A major change that has been forced onto beekeepers by mites is the use of pesticides within the colony. Until
Varroa, the North American beekeeping industry saw archenemies in all pesticide companies. Now we are much more
selective. Some pesticide companies are good while others are not. Since our beekeeping industry has no history
of using pesticides as extensively as our food commodity cousins, all too often beekeepers are driven to recklessness
in their use of chemical control agents. If we lose the respect honey has as a wholesome food, it could very well
be the ultimate loss caused by Varroa.
As I see it here are some negative effects of Varroa parasitism:
1. Varroa mites have significantly diminished the availability of the wild (feral) honey bee as a common pollinator.
2. Varroa mites have required beekeepers to become "pest control operators." The risk of contamination
of honey and wax with pesticide residues is a serious one.
3. Varroa mite infestations drove many beekeepers -- both hobbyists and commercial -- from the beekeeping industry.

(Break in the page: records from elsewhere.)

(* Let $n\in\mathbb{Z}$, $y_0>0$, and define for $x\in\mathbb{R}$, $y>0$ \[ G(x,y)=\frac{1}{2\pi}\log\frac{x^2+(y+y_0)^2}{x^2+(y-y_0)^2},\qquad p_n(x,y)=\frac{1}{\pi}\,\frac{y}{(x-2\pi n)^2+y^2}. \] Then for all $x\in\mathbb{R}$ and $y>0$, \[ \lim_{y_0\to\infty}\frac{G(x,y)}{p_n(0,y_0)}=2y, \] and if $y_0\ge 2\pi|n|$, then \[ \frac{G(x,y)}{p_n(0,y_0)}\le y\,g(y/y_0),\qquad\text{where } g(t)=t^{-1}\log\bigl(1+4t(t-1)^{-2}\bigr). \]
   Context: $G$ is the Green function of the upper half-plane (for $-\tfrac12\Delta$) with pole at $(0,y_0)$; $p_n$ is the Poisson kernel of the upper half-plane with pole at $2\pi n$. *)

theory Defs
  imports Complex_Main
begin

definition greenG :: "real \<Rightarrow> real \<Rightarrow> real \<Rightarrow> real" where
  "greenG y0 x y = (1 / (2 * pi)) * ln ((x^2 + (y + y0)^2) / (x^2 + (y - y0)^2))"

definition poissonP :: "int \<Rightarrow> real \<Rightarrow> real \<Rightarrow> real" where
  "poissonP n x y = (1 / pi) * (y / ((x - 2 * pi * of_int n)^2 + y^2))"

definition gfun :: "real \<Rightarrow> real" where
  "gfun t = (1 / t) * ln (1 + 4 * t / (t - 1)^2)"

end

theory Submission
  imports Defs "HOL-Real_Asymp.Real_Asymp"
begin

text \<open>Since \<open>G/p\<^sub>n(0,y\<^sub>0) = \<pi>((2\<pi>n)\<^sup>2 + y\<^sub>0\<^sup>2)/y\<^sub>0 \<cdot> G\<close>, the limit is a plain asymptotic
  expansion: \<open>G \<sim> 2y/(\<pi>y\<^sub>0)\<close>. For the bound, the quotient
  \<open>(x\<^sup>2 + (y+y\<^sub>0)\<^sup>2)/(x\<^sup>2 + (y-y\<^sub>0)\<^sup>2)\<close> decreases in \<open>x\<^sup>2\<close>, so \<open>G\<close> is largest on the axis
  \<open>x = 0\<close>, while \<open>y\<^sub>0 \<ge> 2\<pi>|n|\<close> gives \<open>1/p\<^sub>n(0,y\<^sub>0) \<le> 2\<pi>y\<^sub>0\<close>; and
  \<open>2\<pi>y\<^sub>0 G(0,y) = y\<^sub>0 log((y+y\<^sub>0)\<^sup>2/(y-y\<^sub>0)\<^sup>2) = y g(y/y\<^sub>0)\<close>.\<close>

lemma add_divide_add_le_divide:
  fixes a u v :: real
  assumes "0 \<le> a" "0 < v" "v \<le> u"
  shows "(a + u) / (a + v) \<le> u / v"
proof -
  have "(a + u) * v \<le> u * (a + v)"
    using assms by (simp add: algebra_simps mult_left_mono)
  with assms show ?thesis
    by (simp add: divide_simps)
qed

lemma greenG_nonneg:
  assumes "0 < y" "0 < y0"
  shows "0 \<le> greenG y0 x y"
proof (cases "x\<^sup>2 + (y - y0)\<^sup>2 = 0")
  case False
  then have "0 < x\<^sup>2 + (y - y0)\<^sup>2"
    by (simp add: order_less_le)
  moreover have "x\<^sup>2 + (y - y0)\<^sup>2 \<le> x\<^sup>2 + (y + y0)\<^sup>2"
    using assms by (simp add: power2_eq_square algebra_simps)
  ultimately have "1 \<le> (x\<^sup>2 + (y + y0)\<^sup>2) / (x\<^sup>2 + (y - y0)\<^sup>2)"
    by simp
  then show ?thesis
    unfolding greenG_def by simp
qed (simp add: greenG_def)

lemma greenG_le_greenG_axis:
  assumes "0 < y" "0 < y0" "y \<noteq> y0"
  shows "greenG y0 x y \<le> greenG y0 0 y"
proof -
  have pos: "0 < (y - y0)\<^sup>2"
    using assms by simp
  have "(y - y0)\<^sup>2 \<le> (y + y0)\<^sup>2"
    using assms by (simp add: power2_eq_square algebra_simps)
  then have "(x\<^sup>2 + (y + y0)\<^sup>2) / (x\<^sup>2 + (y - y0)\<^sup>2) \<le> (y + y0)\<^sup>2 / (y - y0)\<^sup>2"
    using pos by (intro add_divide_add_le_divide) auto
  moreover have "0 < (x\<^sup>2 + (y + y0)\<^sup>2) / (x\<^sup>2 + (y - y0)\<^sup>2)"
    using assms pos by (intro divide_pos_pos add_nonneg_pos) auto
  ultimately show ?thesis
    unfolding greenG_def by (intro mult_left_mono ln_mono) auto
qed

lemma poissonP_pos:
  assumes "0 < y"
  shows "0 < poissonP n x y"
  using assms unfolding poissonP_def by (simp add: add_nonneg_pos)

lemma inverse_poissonP_origin_le:
  assumes "0 < y0" "2 * pi * \<bar>of_int n\<bar> \<le> y0"
  shows "1 / poissonP n 0 y0 \<le> 2 * pi * y0"
proof -
  have "\<bar>2 * pi * of_int n\<bar>\<^sup>2 \<le> y0\<^sup>2"
    using assms by (intro power_mono) (auto simp: abs_mult)
  then have "(2 * pi * of_int n)\<^sup>2 \<le> y0\<^sup>2"
    by simp
  then have "pi * ((2 * pi * of_int n)\<^sup>2 + y0\<^sup>2) / y0 \<le> pi * (2 * y0\<^sup>2) / y0"
    using assms by (intro divide_right_mono mult_left_mono) auto
  also have "\<dots> = 2 * pi * y0"
    using assms by (simp add: power2_eq_square)
  finally show ?thesis
    unfolding poissonP_def by simp
qed

lemma greenG_axis_eq_gfun:
  assumes "0 < y" "0 < y0" "y \<noteq> y0"
  shows "2 * pi * y0 * greenG y0 0 y = y * gfun (y / y0)"
proof -
  have "(y - y0)\<^sup>2 \<noteq> 0"
    using assms by simp
  then have "(y + y0)\<^sup>2 / (y - y0)\<^sup>2 = 1 + 4 * y * y0 / (y - y0)\<^sup>2"
    by (simp add: field_simps power2_eq_square)
  also have "\<dots> = 1 + 4 * (y / y0) / (y / y0 - 1)\<^sup>2"
    using assms by (simp add: field_simps power2_eq_square)
  finally have "(y + y0)\<^sup>2 / (y - y0)\<^sup>2 = 1 + 4 * (y / y0) / (y / y0 - 1)\<^sup>2" .
  then show ?thesis
    using assms unfolding greenG_def gfun_def by simp
qed

theorem lemma3p3:
  fixes n :: int and x y :: real
  assumes "y > 0"
  shows "((\<lambda>y0. greenG y0 x y / poissonP n 0 y0) \<longlongrightarrow> 2 * y) at_top \<and>
         (\<forall>y0. y0 > 0 \<longrightarrow> y0 \<ge> 2 * pi * \<bar>of_int n\<bar> \<longrightarrow> y \<noteq> y0 \<longrightarrow>
           greenG y0 x y / poissonP n 0 y0 \<le> y * gfun (y / y0))"
proof (intro conjI allI impI)
  show "((\<lambda>y0. greenG y0 x y / poissonP n 0 y0) \<longlongrightarrow> 2 * y) at_top"
    using assms unfolding greenG_def poissonP_def by real_asymp
next
  fix y0 :: real
  assume y0: "y0 > 0" "y0 \<ge> 2 * pi * \<bar>of_int n\<bar>" "y \<noteq> y0"
  have "greenG y0 x y / poissonP n 0 y0 = greenG y0 x y * (1 / poissonP n 0 y0)"
    by simp
  also have "\<dots> \<le> greenG y0 0 y * (2 * pi * y0)"
    using assms y0 poissonP_pos[of y0 n 0]
    by (intro mult_mono greenG_le_greenG_axis inverse_poissonP_origin_le greenG_nonneg) auto
  also have "\<dots> = y * gfun (y / y0)"
    using greenG_axis_eq_gfun[OF assms y0(1,3)] by (simp add: mult_ac)
  finally show "greenG y0 x y / poissonP n 0 y0 \<le> y * gfun (y / y0)" .
qed

end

With their departure went the hives that they were managing. In addition to bees, we have lost beekeeper friends
of past years.
4. Varroa mite research has taken priority over most other research topics during past years. That has stunted
our industry's development to some unknown degree.

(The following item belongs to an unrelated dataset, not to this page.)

(* Let $G$ be a finite alphabet and $p:G\times G^{-\mathbf{N}^*}\to[0,1]$ a kernel. Let $\mathcal{G}$ be the oriented graph with vertex set $G$ and arc set $\mathcal{A}=\{(w,g)\in G^2:a_1(g|w)>0\}$. Suppose (i) $\sum_{n=1}^\infty\prod_{m=1}^n a_m=\infty$; (ii) $\mathcal{G}$ has a single irreducible class, which is aperiodic; (iii) for every $g\in G$ there exists $w\in G$ with $(w,g)\notin\mathcal{A}$. Then there exists (and one can construct) a backward coalescence time for the coupling function $\hat f$ defined below.
   Context: Histories $\mathbf{w}=(w_{-1},w_{-2},\dots)\in G^{-\mathbf{N}^*}$; the kernel $p(g|\mathbf{w})$ is measurable in $\mathbf{w}$ and sums to 1 over $g$. Admissible histories $\mathcal{H}$: a letter $g$ is forbidden if $p(g|\mathbf{w})=0$ for all $\mathbf{w}$; a word $(s_0,\dots,s_{-n})$ is forbidden if $(s_{-1},\dots,s_{-n})$ is forbidden or $p(s_0|\mathbf{w})=0$ for all histories beginning with $(s_{-1},\dots,s_{-n})$; $\mathbf{w}\in\mathcal{H}$ iff no initial word $(w_{-1},\dots,w_{-n})$ is forbidden. $a_0(g)=\inf\{p(g|\mathbf{z}):\mathbf{z}\in\mathcal{H}\}$; for $k\ge1$, $a_k(g|w_{-1},\dots,w_{-k})=\inf\{p(g|\mathbf{z}):\mathbf{z}\in\mathcal{H},(z_{-1},\dots,z_{-k})=(w_{-1},\dots,w_{-k})\}$ (so $a_1(g|w)=\inf\{p(g|\mathbf{z}):\mathbf{z}\in\mathcal{H},z_{-1}=w\}$); $b_k=a_k-a_{k-1}$ ($a_{-1}\equiv0$); $a_k(w_{-1},\dots,w_{-k})=\sum_ga_k(g|\cdot)$; $a_k=\inf_{\mathbf{w}\in\mathcal{H}}a_k(w_{-1},\dots,w_{-k})$. The maximal coupling function $f:[0,1)\times\mathcal{H}\to G$ partitions each $[a_{k-1}(w_{-1},\dots,w_{-k+1}),a_k(w_{-1},\dots,w_{-k}))$ into intervals $B_k(g|w_{-1},\dots,w_{-k})$ of length $b_k(g|\cdot)$ and sets $f(u|\mathbf{w})=g$ on $\bigcup_kB_k(g|\cdot)$. Modified function $\bar f:[0,1)\times\mathcal{H}\to G$: $\bar f(u|\mathbf{w})=f(u|\mathbf{w})$ for $u\ge a_1(w_{-1})$, while on $[0,a_1(w_{-1}))$ each $B_1(h|w_{-1})$ is replaced by a union of two disjoint intervals $B^1_1(h|w_{-1}),B^2_1(h|w_{-1})$ on which $\bar f(\cdot|\mathbf{w})=h$, with $|B^1_1(h|w_{-1})|+|B^2_1(h|w_{-1})|=|B_1(h|w_{-1})|=a_1(h|w_{-1})$ and $B^1_1(h|w_{-1})$ intersecting $[0,a_1)$; consequently the Markov kernel $\bar M(g|w)=|\{u\in[0,1):\bar f(a_1u|\mathbf{w})=g\}|$ ($\mathbf{w}\in\mathcal{H}$, $w_{-1}=w$) satisfies $\bar M(g|w)>0\iff a_1(g|w)>0$. $\hat f:[0,1)^{|G|+1}\times\mathcal{H}\to G$ is $\hat f(u^0;u^g,g\in G|\mathbf{w})=\bar f(u^0|\mathbf{w})$ if $u^0\ge a_1$, and $=\bar f(a_1u^{w_{-1}}|\mathbf{w})$ if $u^0<a_1$. It is a coupling function for $p$ in the sense that for a uniform random vector $V$ on $[0,1)^{|G|+1}$, $P(\hat f(V|\mathbf{w})=g)=p(g|\mathbf{w})$ for all $\mathbf{w}\in\mathcal{H}$. Iterates: $\hat f^{(1)}=\hat f$, $\hat f^{(n+1)}(v_n,\dots,v_0|\mathbf{w})=\hat f(v_n|\hat f^{(n)}(v_{n-1},\dots,v_0|\mathbf{w}),\dots,\hat f^{(1)}(v_0|\mathbf{w}),\mathbf{w})$. Let $\{V_i,i\in\mathbf{Z}\}$ be i.i.d. uniform on $[0,1)^{|G|+1}$, $\mathcal{F}^n_m=\sigma(V_i,m\le i\le n)$, and fix $\mathbf{g}\in\mathcal{H}$. A backward coalescence time for $\hat f$ is a measurable $\tau_0=\tau_0(V_0,V_{-1},\dots)$ with non-positive integer values such that (H1) $-\tau_0$ is an a.s. finite stopping time w.r.t. $\{\mathcal{F}^0_{-n}\}_{n\in\mathbf{N}}$; (H2) on $\{\tau_0=-l\}$, $\hat f^{(l+1)}(V_0,\dots,V_{-l}|\mathbf{w})=\hat f^{(l+1)}(V_0,\dots,V_{-l}|\mathbf{g})$ for all $\mathbf{w}\in\mathcal{H}$. "Single irreducible class" refers to the communicating-class structure of the directed graph $\mathcal{G}$ (as for the Markov chain with support graph $\mathcal{G}$). *)

theory Defs
  imports "HOL-Probability.Probability"
begin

5. Reduced pollination services has forced commercial growers to look elsewhere for ways to meet their pollination
needs. Other pollination techniques being explored include experimenting with other species of bees, exploring
mechanical pollination devices and future genetic cloning.
6. The steep number of losses of wild (feral) honey bees have resulted in a pronounced loss of variation within
the honey bees' gene pool.
The list of good things Varroa has provided is woefully short, but a major point must be made -- Varroa mites have
done more to show the services of the honey bee in a positive light than any publicity campaign that our industry
has ever attempted. Though still concerned about stinging incidents, the public is much more tolerant of honey
bees now than just a few years ago. It took the decimating effects of Varroa infestations to convince the public
that honey bees were not just stinging insects but they performed a positive service. Some other positives are:
1. Varroa mites have made the public more appreciative of the pollination services of honey bees, a radical change
from the early 1990s when the public was deeply concerned about the Africanized honey bee.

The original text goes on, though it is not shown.